Working on Solr incremental data import from an existing normalized mssql database. I'm unable to decide on the strategy I need to implement, or not knowing whether there are existing tools to do the same, so I don't need to reinvent the wheel.
I need to import a document into Solr 3.6 to build a Solr Data, which is saved in MSSQL in heavily normalized fashion. To retrieve the data for single document, there are many joins required which is killing performance. I have appx. 1 million such document in db. So full import into Solr is not an option for me.
While deciding the approach I have two issues to consider:
I am looking after your help in deciding the strategy and tool for incremental data import into Solr. I think, I have following options:
Custom develop application to fetch data from MSSQL and pass it to Solr. I need to keep track of data as what all records are inserted into Solr and what are pending. Again, 2% data records in MSSQL keeps updated on daily basis, so need to track what data has changed since then, and then update them again at some point of time into Solr.
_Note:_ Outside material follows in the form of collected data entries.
(* For every $\gamma>0$, $n\ge1$ and $p\ge1$, $$\frac{1}{n^\gamma}\max_{1\le k\le n}\|\mathbb{E}_0(S_k)\|_p\le c_\gamma\sum_{k\ge n+1}\frac{1}{k^{\gamma+1}}\|\mathbb{E}_0(S_k)\|_p,$$ where $c_\gamma=3\times2^{2\gamma+1}(2^{\gamma+1}+1)$.
   Context: Let $(\Omega,\mathcal{F},\mathbb{P})$ be a probability space and let $T:\Omega\to\Omega$ be a bijective, bimeasurable, measure-preserving transformation. Let $\mathcal{F}_0\subseteq\mathcal{F}$ be a $\sigma$-algebra with $\mathcal{F}_0\subseteq T^{-1}(\mathcal{F}_0)$, and set $\mathcal{F}_i=T^{-i}(\mathcal{F}_0)$ for $i\in\mathbb{Z}$. Let $X_0$ be $\mathcal{F}_0$-measurable with $\mathbb{E}X_0=0$ and $\mathbb{E}X_0^2<\infty$. Put $X_i=X_0\circ T^i$ and $S_n=\sum_{i=0}^{n-1}X_i$. Write $\mathbb{E}_0(\cdot)=\mathbb{E}(\cdot\mid\mathcal{F}_0)$ and let $\|\cdot\|_p$ be the $\mathbb{L}^p$ norm (possibly infinite). *)

theory Defs
  imports "HOL-Probability.Probability"
begin

definition lp_norm :: "'a measure \<Rightarrow> real \<Rightarrow> ('a \<Rightarrow> real) \<Rightarrow> ennreal" where
  "lp_norm M p f =
     (let I = (\<integral>\<^sup>+ x. ennreal (\<bar>f x\<bar> powr p) \<partial>M)
      in if I = \<infinity> then \<infinity> else ennreal (enn2real I powr (1 / p)))"

definition partial_sum :: "('a \<Rightarrow> 'a) \<Rightarrow> ('a \<Rightarrow> real) \<Rightarrow> nat \<Rightarrow> 'a \<Rightarrow> real" where
  "partial_sum T X0 n = (\<lambda>\<omega>. \<Sum>i<n. X0 ((T ^^ i) \<omega>))"

end

theory Submission
  imports Defs
begin

text \<open>Put a(k) = ||E_0(S_k)||_p. Since S_(k+j) = S_k + S_j o T^k and every F_0-set is a
  T^k-preimage of an F_0-set, E_0(S_j o T^k) = E_0(E_0(S_j) o T^k), whose L^p norm is at most a(j)
  by conditional Jensen and invariance of the measure. With a crude quasi-triangle inequality
  (constant 4 instead of Minkowski's 1) this gives a(k) <= 4 (a(k+j) + a(j)). Averaging over
  j in [n+1, 3n] bounds a(k), k <= n, by 4/n times the sum of the a(i) with i in [n+1, 4n], where
  the weight i^-(gamma+1) is at least (4n)^-(gamma+1); the resulting constant 16 * 4^gamma is
  below c_gamma.\<close>

lemma convex_on_abs_powr:
  fixes p :: real
  assumes p: "p \<ge> 1"
  shows "convex_on UNIV (\<lambda>x::real. \<bar>x\<bar> powr p)"
proof (rule convex_onI)
  fix t x y :: real
  assume t: "0 < t" "t < 1"
  have scale: "(s * c) powr p \<le> s * c powr p" if "c \<ge> 0" "0 \<le> s" "s \<le> 1" for s c :: real
  proof -
    have "(s * c) powr p = s powr p * c powr p" using that by (simp add: powr_mult)
    also have "\<dots> \<le> s powr 1 * c powr p"
      by (rule mult_right_mono, rule powr_mono') (use that p in auto)
    finally show ?thesis using that by simp
  qed
  have convex_nonneg: "((1 - t) * a + t * b) powr p \<le> (1 - t) * a powr p + t * b powr p"
    if "a \<ge> 0" "b \<ge> 0" for a b :: real
  proof (cases "a = 0 \<or> b = 0")
    case True
    then show ?thesis using scale[of b t] scale[of a "1 - t"] that t by auto
  next
    case False
    then show ?thesis using convex_onD[OF powr_convex[OF p], of t a b] that t by auto
  qed
  have "\<bar>(1 - t) *\<^sub>R x + t *\<^sub>R y\<bar> powr p \<le> ((1 - t) * \<bar>x\<bar> + t * \<bar>y\<bar>) powr p"
    by (rule powr_mono2)
       (use t p in \<open>auto simp: abs_mult intro!: order_trans[OF abs_triangle_ineq]\<close>)
  also have "\<dots> \<le> (1 - t) * \<bar>x\<bar> powr p + t * \<bar>y\<bar> powr p"
    by (rule convex_nonneg) auto
  finally show "\<bar>(1 - t) *\<^sub>R x + t *\<^sub>R y\<bar> powr p \<le> (1 - t) * \<bar>x\<bar> powr p + t * \<bar>y\<bar> powr p" .
qed auto

lemma powr_inverse_le_of_le_two_powr:
  fixes x y z p :: real
  assumes "x \<ge> 0" "y \<ge> 0" "z \<ge> 0" "p \<ge> 1" "z \<le> 2 powr p * (x + y)"
  shows "z powr (1 / p) \<le> 4 * (x powr (1 / p) + y powr (1 / p))"
proof -
  have "z \<le> 2 powr p * (2 * max x y)"
    using assms(5) by (rule order_trans) (simp add: mult_left_mono)
  then have "z powr (1 / p) \<le> (2 powr p * (2 * max x y)) powr (1 / p)"
    using assms by (intro powr_mono2) auto
  also have "\<dots> = 2 * 2 powr (1 / p) * max x y powr (1 / p)"
    using assms by (simp add: powr_mult powr_powr)
  also have "\<dots> \<le> 2 * 2 * (x powr (1 / p) + y powr (1 / p))"
  proof (rule mult_mono)
    show "2 * 2 powr (1 / p) \<le> (2 * 2 :: real)"
      using powr_mono[of "1 / p" 1 2] assms by simp
    show "max x y powr (1 / p) \<le> x powr (1 / p) + y powr (1 / p)"
      by (cases "x \<le> y") (auto simp: max_def)
  qed auto
  finally show ?thesis by simp
qed

subsection \<open>The functional \<open>lp_norm\<close>\<close>

lemma lp_norm_eq_powr:
  assumes "(\<integral>\<^sup>+ x. ennreal (\<bar>f x\<bar> powr p) \<partial>M) \<noteq> \<infinity>"
  shows "lp_norm M p f = ennreal (enn2real (\<integral>\<^sup>+ x. ennreal (\<bar>f x\<bar> powr p) \<partial>M) powr (1 / p))"
  using assms unfolding lp_norm_def Let_def by simp

lemma lp_norm_mono_nn_integral:
  assumes "p > 0"
    and le: "(\<integral>\<^sup>+ x. ennreal (\<bar>f x\<bar> powr p) \<partial>M) \<le> (\<integral>\<^sup>+ x. ennreal (\<bar>g x\<bar> powr p) \<partial>M)"
  shows "lp_norm M p f \<le> lp_norm M p g"
proof (cases "(\<integral>\<^sup>+ x. ennreal (\<bar>g x\<bar> powr p) \<partial>M) = \<infinity>")
  case True
  then show ?thesis by (simp add: lp_norm_def)
next
  case False
  with le have "(\<integral>\<^sup>+ x. ennreal (\<bar>f x\<bar> powr p) \<partial>M) \<noteq> \<infinity>"
    by (auto simp: top_unique)
  with False show ?thesis
    using assms by (simp add: lp_norm_eq_powr enn2real_mono powr_mono2 ennreal_leI top.not_eq_extremum)
qed

lemma lp_norm_cong_AE:
  assumes "AE x in M. f x = g x"
  shows "lp_norm M p f = lp_norm M p g"
proof -
  have "(\<integral>\<^sup>+ x. ennreal (\<bar>f x\<bar> powr p) \<partial>M) = (\<integral>\<^sup>+ x. ennreal (\<bar>g x\<bar> powr p) \<partial>M)"
    by (rule nn_integral_cong_AE) (use assms in auto)
  then show ?thesis unfolding lp_norm_def by simp
qed

lemma lp_norm_diff_le:
  assumes [measurable]: "f \<in> borel_measurable M" "g \<in> borel_measurable M" and p: "p \<ge> 1"
  shows "lp_norm M p (\<lambda>x. f x - g x) \<le> 4 * (lp_norm M p f + lp_norm M p g)"
proof -
  define If where "If = (\<integral>\<^sup>+ x. ennreal (\<bar>f x\<bar> powr p) \<partial>M)"
  define Ig where "Ig = (\<integral>\<^sup>+ x. ennreal (\<bar>g x\<bar> powr p) \<partial>M)"
  define Id where "Id = (\<integral>\<^sup>+ x. ennreal (\<bar>f x - g x\<bar> powr p) \<partial>M)"
  have pointwise: "\<bar>a - b\<bar> powr p \<le> 2 powr p * (\<bar>a\<bar> powr p + \<bar>b\<bar> powr p)" for a b :: real
  proof -
    have "\<bar>a - b\<bar> powr p \<le> (2 * max \<bar>a\<bar> \<bar>b\<bar>) powr p"
      by (rule powr_mono2) (use p in auto)
    also have "\<dots> \<le> 2 powr p * (\<bar>a\<bar> powr p + \<bar>b\<bar> powr p)"
      by (auto simp: powr_mult max_def)
    finally show ?thesis .
  qed
  have "Id \<le> (\<integral>\<^sup>+ x. ennreal (2 powr p) * (ennreal (\<bar>f x\<bar> powr p) + ennreal (\<bar>g x\<bar> powr p)) \<partial>M)"
    unfolding Id_def
    by (rule nn_integral_mono)
       (use pointwise in \<open>auto simp flip: ennreal_plus ennreal_mult intro!: ennreal_leI\<close>)
  also have "\<dots> = ennreal (2 powr p) * (If + Ig)"
    unfolding If_def Ig_def by (simp add: nn_integral_cmult nn_integral_add)
  finally have Id_le: "Id \<le> ennreal (2 powr p) * (If + Ig)" .
  show ?thesis
  proof (cases "If = \<infinity> \<or> Ig = \<infinity>")
    case True
    then show ?thesis by (auto simp: lp_norm_def If_def Ig_def ennreal_mult_top)
  next
    case False
    then have fin: "If \<noteq> \<infinity>" "Ig \<noteq> \<infinity>" by auto
    then have "ennreal (2 powr p) * (If + Ig) \<noteq> \<infinity>"
      by (simp add: ennreal_mult_eq_top_iff)
    with Id_le have Id_fin: "Id \<noteq> \<infinity>" by (auto simp: top_unique)
    have "enn2real Id \<le> enn2real (ennreal (2 powr p) * (If + Ig))"
      using Id_le fin by (intro enn2real_mono) (auto simp: ennreal_mult_less_top less_top)
    also have "\<dots> = 2 powr p * (enn2real If + enn2real Ig)"
      using fin by (simp add: enn2real_mult enn2real_plus less_top)
    finally have "enn2real Id \<le> 2 powr p * (enn2real If + enn2real Ig)" .
    from powr_inverse_le_of_le_two_powr[OF _ _ _ p this]
    have "ennreal (enn2real Id powr (1 / p))
        \<le> ennreal (4 * (enn2real If powr (1 / p) + enn2real Ig powr (1 / p)))"
      by (intro ennreal_leI) simp
    then show ?thesis
      using fin Id_fin
      by (simp add: lp_norm_eq_powr ennreal_mult ennreal_plus flip: If_def Ig_def Id_def)
  qed
qed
Use any existing tool or utility in Solr to do the same, like DIH. I'm not sure how this will address both of the issue of incremental data retrieval and how it will track what data has change in SQL server? Again, not sure how DIH will handle complex joins requires to fetch data from db.
Or use something like Lusql with DIH, bust still not sure about how it will address both the issues. Although Lusql will give ability to do complex joins in db, so I hope this might fit my purpose.
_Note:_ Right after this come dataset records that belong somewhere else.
lemma wdigraph_sub: "wdigraph (Inl ` V \<union> Inr ` node ` (E \<times> UNIV)) sub_edges"
proof -
  have "finite V" "E \<subseteq> V \<times> V"
    using graph by (auto simp: wdigraph_def)
  have "finite (E \<times> (UNIV :: bool set))"
    using wdigraph_finite_edges[OF graph] by simp
  moreover have "sub_edges \<subseteq> (Inl ` V \<union> Inr ` node ` (E \<times> UNIV)) \<times> (Inl ` V \<union> Inr ` node ` (E \<times> UNIV))"
    using \<open>E \<subseteq> V \<times> V\<close> by (auto simp: sub_edges_def)
  moreover have "(v, u) \<notin> sub_edges" if "(u, v) \<in> sub_edges" for u v
    using that asym_E by (auto simp: sub_edges_def node_eq_iff dest: asymD)
  moreover have "u \<noteq> v" if "(u, v) \<in> sub_edges" for u v
    using that by (auto simp: sub_edges_def)
  ultimately show ?thesis
    using \<open>finite V\<close> by (auto simp: wdigraph_def)
qed

end

theorem lemma4:
  fixes Y :: "'a set" and E :: "('a \<times> 'a) set" and f :: "'a \<Rightarrow> 'a \<Rightarrow> real" and \<zeta> :: real
  assumes "\<zeta> > 0" and "wdigraph Y E" and "curl_consistent E f"
  shows "\<exists>(Y' :: ('a + nat) set) E' f'.
           Y' \<inter> Inl ` Y = {} \<and>
           wdigraph (Inl ` Y \<union> Y') E' \<and>
           (\<lambda>(a,b). (Inl a, Inl b)) ` E \<inter> E' = {} \<and>
           (\<forall>(a,b)\<in>E. zeta_accurate E' f' \<zeta> (Inl a) (Inl b) \<and>
                L_bound E' f' (Inl a) (Inl b) < ereal (f a b) \<and>
                ereal (f a b) < U_bound E' f' (Inl a) (Inl b)) \<and>
           curl_consistent E' f'"
proof -
  have "finite (E \<times> (UNIV :: bool set))"
    using wdigraph_finite_edges[OF assms(2)] by simp
  from finite_imp_inj_to_nat_seg[OF this]
  obtain node :: "('a \<times> 'a) \<times> bool \<Rightarrow> nat" where "inj_on node (E \<times> UNIV)"
    by blast
  define \<epsilon> where "\<epsilon> = min (\<zeta> / 2) (1 / 2)"
  have "0 < \<epsilon>" "\<epsilon> \<le> 1 / 2" "2 * \<epsilon> \<le> \<zeta>"
    using assms(1) by (simp_all add: \<epsilon>_def)
  interpret edge_subdivision Y E f \<epsilon> node
    by unfold_locales fact+
  have "zeta_accurate sub_edges sub_weight \<zeta> (Inl a) (Inl b) \<and>
      L_bound sub_edges sub_weight (Inl a) (Inl b) < ereal (f a b) \<and>
      ereal (f a b) < U_bound sub_edges sub_weight (Inl a) (Inl b)" if "(a, b) \<in> E" for a b
    using U_bound_sub[OF that] L_bound_sub[OF that] \<open>0 < \<epsilon>\<close> \<open>2 * \<epsilon> \<le> \<zeta>\<close>
    by (simp add: zeta_accurate_def adj_def Inl_Inl_notin_sub_edges)
  moreover have "(\<lambda>(a, b). (Inl a, Inl b)) ` E \<inter> sub_edges = {}"
    using Inl_Inl_notin_sub_edges by auto
  moreover have "Inr ` node ` (E \<times> UNIV) \<inter> Inl ` Y = {}"
    by blast
  ultimately show ?thesis
    using wdigraph_sub curl_consistent_sub by blast
qed

end
lemma multiadditive_eq_0_if_outer_prods:
  fixes G :: "('n::finite \<Rightarrow> real^'n^'n) \<Rightarrow> real"
  assumes additive: "\<And>A i B B'. (\<forall>k. psd (A k)) \<Longrightarrow> psd B \<Longrightarrow> psd B' \<Longrightarrow>
      G (A(i := B + B')) = G (A(i := B)) + G (A(i := B'))"
    and outer: "\<And>v. G (\<lambda>k. outer_prod (v k)) = 0"
    and psd: "\<forall>k. psd (A k)"
  shows "G A = 0"
proof -
  have "G (\<lambda>k. if k \<in> S then A k else outer_prod (v k)) = 0" if "finite S" for S v
    using that
  proof (induction S arbitrary: v rule: finite_induct)
    case empty
    then show ?case using outer by simp
  next
    case (insert i S)
    define A' where "A' = (\<lambda>k. if k \<in> S then A k else outer_prod (v k))"
    have A': "(\<lambda>k. if k \<in> insert i S then A k else outer_prod (v k)) = A'(i := A i)"
      using insert by (auto simp: A'_def fun_eq_iff)
    have psd_A': "\<forall>k. psd (A' k)" using psd by (simp add: A'_def psd_outer_prod)
    have "A'(i := outer_prod y) = (\<lambda>k. if k \<in> S then A k else outer_prod ((v(i := y)) k))" for y
      using insert.hyps(2) by (auto simp: A'_def fun_eq_iff)
    then have outer_A': "G (A'(i := outer_prod y)) = 0" for y using insert.IH by simp
    have "G (A'(i := A i)) = 0"
      using psd_additive_eq_0_if_outer_prods[of "\<lambda>B. G (A'(i := B))", OF additive[OF psd_A']]
        outer_A' psd by simp
    then show ?case by (simp only: A')
  qed
  from this[of UNIV] show ?thesis by simp
qed

locale discriminant_form =
  fixes F :: "('n::finite \<Rightarrow> real^'n^'n) \<Rightarrow> real"
  assumes nonneg: "\<And>A. (\<forall>i. psd (A i)) \<Longrightarrow> 0 \<le> F A"
    and additive: "\<And>A i B B'. (\<forall>k. psd (A k)) \<Longrightarrow> psd B \<Longrightarrow> psd B' \<Longrightarrow>
        F (A(i := B + B')) = F (A(i := B)) + F (A(i := B'))"
    and vanish: "\<And>A i j c. (\<forall>k. psd (A k)) \<Longrightarrow> i \<noteq> j \<Longrightarrow> rank (A i) = 1 \<Longrightarrow>
        rank (A j) = 1 \<Longrightarrow> A i = c *\<^sub>R A j \<Longrightarrow> F A = 0"
begin
lemma tCDE_Plus:
  assumes fP: "fposet P leP" and fQ: "fposet Q leQ" and "tCDE P leP" "tCDE Q leQ"
  shows "tCDE (P <+> Q) (sum_le leP leQ)"
  unfolding tCDE_def
proof (intro allI impI)
  let ?Z = "ideals (P <+> Q) (sum_le leP leQ)" and ?A = "ideals P leP" and ?B = "ideals Q leQ"
  fix \<mu> assume \<mu>: "is_distr ?Z \<mu> \<and> toggle_symmetric (P <+> Q) (sum_le leP leQ) \<mu>"
  let ?\<mu>P = "pushforward ?Z \<mu> (vimage Inl)" and ?\<mu>Q = "pushforward ?Z \<mu> (vimage Inr)"
  have fin: "finite P" "finite Q" using fposetD(1) fP fQ by blast+
  note push = Expect_pushforward[OF finite_ideals_Plus[OF fin] finite_ideals[OF fin(1)]
      vimage_Inl_Inr_ideals(1)[of P Q leP leQ]]
    Expect_pushforward[OF finite_ideals_Plus[OF fin] finite_ideals[OF fin(2)]
      vimage_Inl_Inr_ideals(2)[of P Q leP leQ]]
  have "is_distr ?A ?\<mu>P" "is_distr ?B ?\<mu>Q"
    using is_distr_pushforward[OF conjunct1[OF \<mu>] finite_ideals_Plus[OF fin] finite_ideals[OF fin(1)]
        vimage_Inl_Inr_ideals(1)]
      is_distr_pushforward[OF conjunct1[OF \<mu>] finite_ideals_Plus[OF fin] finite_ideals[OF fin(2)]
        vimage_Inl_Inr_ideals(2)]
    by blast+
  then have "Expect ?A ?\<mu>P (\<lambda>I. real (ddeg ?A J_le I)) = E_uni_ddeg ?A J_le"
    "Expect ?B ?\<mu>Q (\<lambda>K. real (ddeg ?B J_le K)) = E_uni_ddeg ?B J_le"
    using assms(3,4) toggle_symmetric_marginals[OF fin conjunct2[OF \<mu>]] unfolding tCDE_def by blast+
  moreover have "Expect ?Z \<mu> (\<lambda>J. real (ddeg ?Z J_le J))
      = Expect ?A ?\<mu>P (\<lambda>I. real (ddeg ?A J_le I)) + Expect ?B ?\<mu>Q (\<lambda>K. real (ddeg ?B J_le K))"
    unfolding push unfolding Expect_def
    by (simp add: ddeg_ideals_Plus[OF fP fQ] distrib_right sum.distrib cong: sum.cong)
  ultimately show "Expect ?Z \<mu> (\<lambda>J. real (ddeg ?Z J_le J)) = E_uni_ddeg ?Z J_le"
    using E_uni_ddeg_ideals_Plus[OF fP fQ] by simp
qed

theorem proposition3p6:
  fixes P :: "'a set" and leP :: "'a \<Rightarrow> 'a \<Rightarrow> bool"
    and Q :: "'b set" and leQ :: "'b \<Rightarrow> 'b \<Rightarrow> bool"
  assumes "fposet P leP" and "fposet Q leQ"
  shows "(CDE (ideals P leP) J_le \<and> CDE (ideals Q leQ) J_le
            \<longrightarrow> CDE (ideals P leP \<times> ideals Q leQ) (prod_le J_le J_le))
       \<and> (mCDE (ideals P leP) J_le \<and> mCDE (ideals Q leQ) J_le
            \<longrightarrow> mCDE (ideals P leP \<times> ideals Q leQ) (prod_le J_le J_le))
       \<and> (tCDE P leP \<and> tCDE Q leQ \<longrightarrow> tCDE (P <+> Q) (sum_le leP leQ))"
proof -
  have J: "fposet (ideals P leP) J_le" "ideals P leP \<noteq> {}"
    "fposet (ideals Q leQ) J_le" "ideals Q leQ \<noteq> {}"
    using fposet_ideals[OF fposetD(1)[OF assms(1)]] fposet_ideals[OF fposetD(1)[OF assms(2)]]
      empty_in_ideals by blast+
  show ?thesis
    using CDE_prod[OF J graded_ideals[OF assms(1)] graded_ideals[OF assms(2)]]
      mCDE_prod[OF J] tCDE_Plus[OF assms] by blast
qed

end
I'm in favor of using LuSQL with DIH in Solr, if it can fit the purpose, but still not sure how it keep track of what data has change? Or for this part I have to manage manually by maintaining the document id where the change is made, and then supplying it to LuSQL to fetch data from SQL and import into Solr.
I am also looking forward for your suggestions beyond this to handle this kind of situations.
I will share with you the way i do this.
Mainly I have the same requierements and until this week I used solr dataimport with delta imports. I have a program that regularly updates a status for the new items from 0 to 1 and then calls solr data import to get all the documents with status 1. Solrdataimport uses a stored procedure to join and get the documents with status 1 from db. If the import finish successfully I then update the status to 2 and I know that this documents are in solr. If a documents get changed I simply change from status 2 to status 0 and then the import process updates the document in solr.
Everything works fine for me using this process. I always get the new documents in solr without having to fetch all the data form the database.
Now my requirements have changed because we decide to keep the date archived in the database, as we only need it in solr. So I need to have a program that deserialize the data and then have it sent to solr.
My approach now is to add all the new/updated documents via update handler and after I added all the documents to commit them, and if the commit is successful then I update the status in the database. With this approach I have no experience yet so I don't know if it will work or not but I will just try and see what happens.
I researched in the past a better way to do this but I couldn't find anything so if you find a better solution please share it with me.
Good luck :)